Christopher Caldwell's Reflections on the Revolution in Europe: Immigration, Islam, and the West is an important and surprising book.
Granted, VDARE.com readers won't see much that's new. In essence, Caldwell's Reflections is a Brimelovian vindication of Enoch Powell, the brilliant Tory who warned against immigration in a prescient (and thus notorious) 1968 speech that began "The supreme function of statesmanship is to provide against preventable evils".
Caldwell points out in his opening pages (which you can read here):
"Although at the time Powell's demographic projections were much snickered at, they have turned out not just roughly accurate but as close to perfectly accurate as it is possible for any such projections to be: In his Rotary Club speech, [November 16 1968] Powell shocked his audience by stating that the nonwhite population of Britain, barely over a million at the time, would rise to 4.5 million by 2002. (According to the national census, the actual "ethnic minority" population of Britain in 2001 was 4,635,296.)"
Readers who get their views from the MainStream Media, though, will be startled by how gracefully—yet bluntly—Caldwell delivers an intellectually cohesive assault on the conventional wisdom of the diversity dogma.
Reflections is also a model for how a working journalist can transform years of old articles researched on scores of trips to Europe into a stylish book. Caldwell's solution is to enhance his prose style with aphorisms worthy of G.K. Chesterton.
For example, in Caldwell's original February 27, 2006 Weekly Standard article on Nicolas Sarkozy, The Man Who Would Be le Président, he discussed Sarkozy's call for affirmative action in France to appease riotous Muslims:
"It can be argued that France needs such measures desperately, … but, … Sarkozy shows a bit of the naiveté of, say, Hubert Humphrey in 1964 when he implies the program would be only temporary. … How long would the program last, then? Twenty years? 'No, twenty years is too long.'"
In his book, however, Caldwell adds this memorable dictum in reply to Sarkozy's Continental innocence about America's experience:
"One moves swiftly and imperceptibly from a world in which affirmative action can't be ended because its beneficiaries are too weak to a world in which it can't be ended because its beneficiaries are too strong."
(I suspect that when Sen. Lindsey Graham decided to vote for Sonia Sotomayor, he was saying something like this to himself, just less elegantly.)
Caldwell adds:
"This logic is not lost on white people in the United States, and it will likely not be lost on European natives."
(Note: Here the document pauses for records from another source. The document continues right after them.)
(* Let $N$ be a non-negative integer and let $c_0,c_1,c_2,c_3,c_4$ be parameters satisfying $c_0+c_1+c_2+c_3+c_4=-2N-3$. For non-negative integers $i,j,k,\ell$ with $i+j\le N$ and $k+\ell\le N$, the Tratnik polynomials of Racah type satisfy \[ \sum_{\substack{x,y\in\mathbb{Z}_{\ge 0}\\ x+y\le N}} \Lambda(x;c_1,c_2;N)\,\Omega(y;c_4,c_0,c_3;N-x)\,T_{i,j}(x,y)\,T_{k,\ell}(x,y)=\delta_{i,k}\,\delta_{j,\ell}\,\Lambda(j;c_4,c_0;N)\,\Omega(i;c_1,c_2,c_3;N-j). \]
   Context: Notation: $(a)_n=a(a+1)\cdots(a+n-1)$, $(a)_0=1$; $c_{ij}=c_i+c_j$, $c_{ijk}=c_i+c_j+c_k$. Parameters are assumed generic, so that no denominator below vanishes. For a non-negative integer $N$ and integers $0\le n,x\le N$ define \[ \Omega(n;c_1,c_2,c_3;N)=\binom{N}{n}(2n+c_{23}+1)\frac{(c_2+1)_n(N+2+c_{123})_n(c_1+1)_{N-n}}{(c_3+1)_n(c_{23}+n+1)_{N+1}}, \] \[ p_n(x;c_1,c_2,c_3;N)=\Omega(n;c_1,c_2,c_3;N)\,{}_4F_3\!\left(\begin{matrix}-n,\ n+c_{23}+1,\ -x,\ x+c_{12}+1\\ c_2+1,\ N+2+c_{123},\ -N\end{matrix};1\right), \] (the ${}_4F_3$ series being the terminating sum over $0\le s\le\min(n,x)$), and \[ \Lambda(x;c_1,c_2;N)=(-1)^x\binom{N}{x}(2x+c_{12}+1)\frac{(c_2+1)_x}{(c_1+1)_x(x+c_{12}+1)_{N+1}}. \] With $c_0+c_1+c_2+c_3+c_4=-2N-3$, the Tratnik polynomials of Racah type are, for non-negative integers $i,j,x,y$ with $i+j\le N$, $x+y\le N$, \[ T_{i,j}(x,y)=T_{i,j}(x,y;c_1,c_2,c_3,c_4;N)=p_i(x;c_1,c_2,c_3;N-j)\,p_j(y;c_3,c_0,c_4;N-x). \] *)

theory Defs
  imports Complex_Main
begin

definition Omega :: "nat \<Rightarrow> complex \<Rightarrow> complex \<Rightarrow> complex \<Rightarrow> nat \<Rightarrow> complex" where
  "Omega n c1 c2 c3 N =
     of_nat (N choose n) * (2 * of_nat n + c2 + c3 + 1)
     * pochhammer (c2 + 1) n * pochhammer (of_nat N + 2 + c1 + c2 + c3) n
     * pochhammer (c1 + 1) (N - n)
     / (pochhammer (c3 + 1) n * pochhammer (c2 + c3 + of_nat n + 1) (N + 1))"

definition F43 :: "nat \<Rightarrow> nat \<Rightarrow> complex \<Rightarrow> complex \<Rightarrow> complex \<Rightarrow> nat \<Rightarrow> complex" where
  "F43 n x c1 c2 c3 N =
     (\<Sum>s\<le>min n x.
        pochhammer (- of_nat n) s * pochhammer (of_nat n + c2 + c3 + 1) s
        * pochhammer (- of_nat x) s * pochhammer (of_nat x + c1 + c2 + 1) s
        / (pochhammer (c2 + 1) s * pochhammer (of_nat N + 2 + c1 + c2 + c3) s
           * pochhammer (- of_nat N) s * of_nat (fact s)))"

definition racah_p :: "nat \<Rightarrow> nat \<Rightarrow> complex \<Rightarrow> complex \<Rightarrow> complex \<Rightarrow> nat \<Rightarrow> complex" where
  "racah_p n x c1 c2 c3 N = Omega n c1 c2 c3 N * F43 n x c1 c2 c3 N"

definition Lambda :: "nat \<Rightarrow> complex \<Rightarrow> complex \<Rightarrow> nat \<Rightarrow> complex" where
  "Lambda x c1 c2 N =
     (-1) ^ x * of_nat (N choose x) * (2 * of_nat x + c1 + c2 + 1)
     * pochhammer (c2 + 1) x
     / (pochhammer (c1 + 1) x * pochhammer (of_nat x + c1 + c2 + 1) (N + 1))"

text \<open>Tratnik polynomial T_{i,j}(x,y; c1,c2,c3,c4; N), with c0 = -2N-3-c1-c2-c3-c4 passed explicitly\<close>
definition tratnik :: "nat \<Rightarrow> nat \<Rightarrow> nat \<Rightarrow> nat \<Rightarrow> complex \<Rightarrow> complex \<Rightarrow> complex \<Rightarrow> complex \<Rightarrow> complex \<Rightarrow> nat \<Rightarrow> complex" where
  "tratnik i j x y c0 c1 c2 c3 c4 N =
     racah_p i x c1 c2 c3 (N - j) * racah_p j y c3 c0 c4 (N - x)"

end

theory Submission
  imports Defs
begin

text \<open>
  The univariate factor F43 n x of p_n is, as a function of x, an eigenfunction with eigenvalue
  n (n + c2 + c3 + 1) of a second-order difference operator which is symmetric for the weight
  racah_weight (the coefficients satisfy a detailed balance condition and vanish at the ends of
  0..N); hence the F43 n are orthogonal.  Since F43 n x is symmetric in n and x up to c1 and c3
  being exchanged, and Omega is essentially the weight with exchanged parameters, they are also
  orthogonal in the dual variable.  The two orthogonality relations of this square array fix all
  norms in terms of the total mass of the weight, which is found by induction on N from the
  orthogonality of F43 1 and F43 0.

  In the Tratnik sum, the inner sum over y is a dual orthogonality relation (parameters c4, c0, c3)
  which forces j = l; by the constraint on c0 + ... + c4, the remaining factor
  Lambda(x) Omega(j; c3, c0, c4; N - x) is a constant multiple of the univariate weight on
  0..N - j, so the sum over x is univariate orthonormality.
\<close>

definition racah_generic :: "complex \<Rightarrow> complex \<Rightarrow> complex \<Rightarrow> bool" where
  "racah_generic a b c \<longleftrightarrow>
     a \<notin> \<int> \<and> b \<notin> \<int> \<and> c \<notin> \<int> \<and> a + b \<notin> \<int> \<and> b + c \<notin> \<int> \<and> a + b + c \<notin> \<int>"

lemma nonzero_if_int_shift_of_non_int:
  fixes c w :: complex
  assumes "c \<notin> \<int>" and "w - c \<in> \<int> \<or> w + c \<in> \<int>"
  shows "w \<noteq> 0"
  using assms by (auto simp: minus_in_Ints_iff)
The courage that Caldwell displays in Reflections is unexpected. Among conservative literary intellectuals, Caldwell has pursued mainstream approval with perhaps the most success. For example, in a June 1998 Atlantic article, The Southern Captivity of the GOP, this Harvard English Lit major argued that the Republican Party appealed too much to white Southerners (whom he described as "U-Haul-renting denizens of two-year-old churches".)
His dust jacket biography reads:
"Christopher Caldwell is a columnist for the Financial Times, a contributing writer for the New York Times Magazine, and a senior editor at The Weekly Standard."
(You can't blame him; he and his wife, who is Robert Novak's daughter, have five kids.)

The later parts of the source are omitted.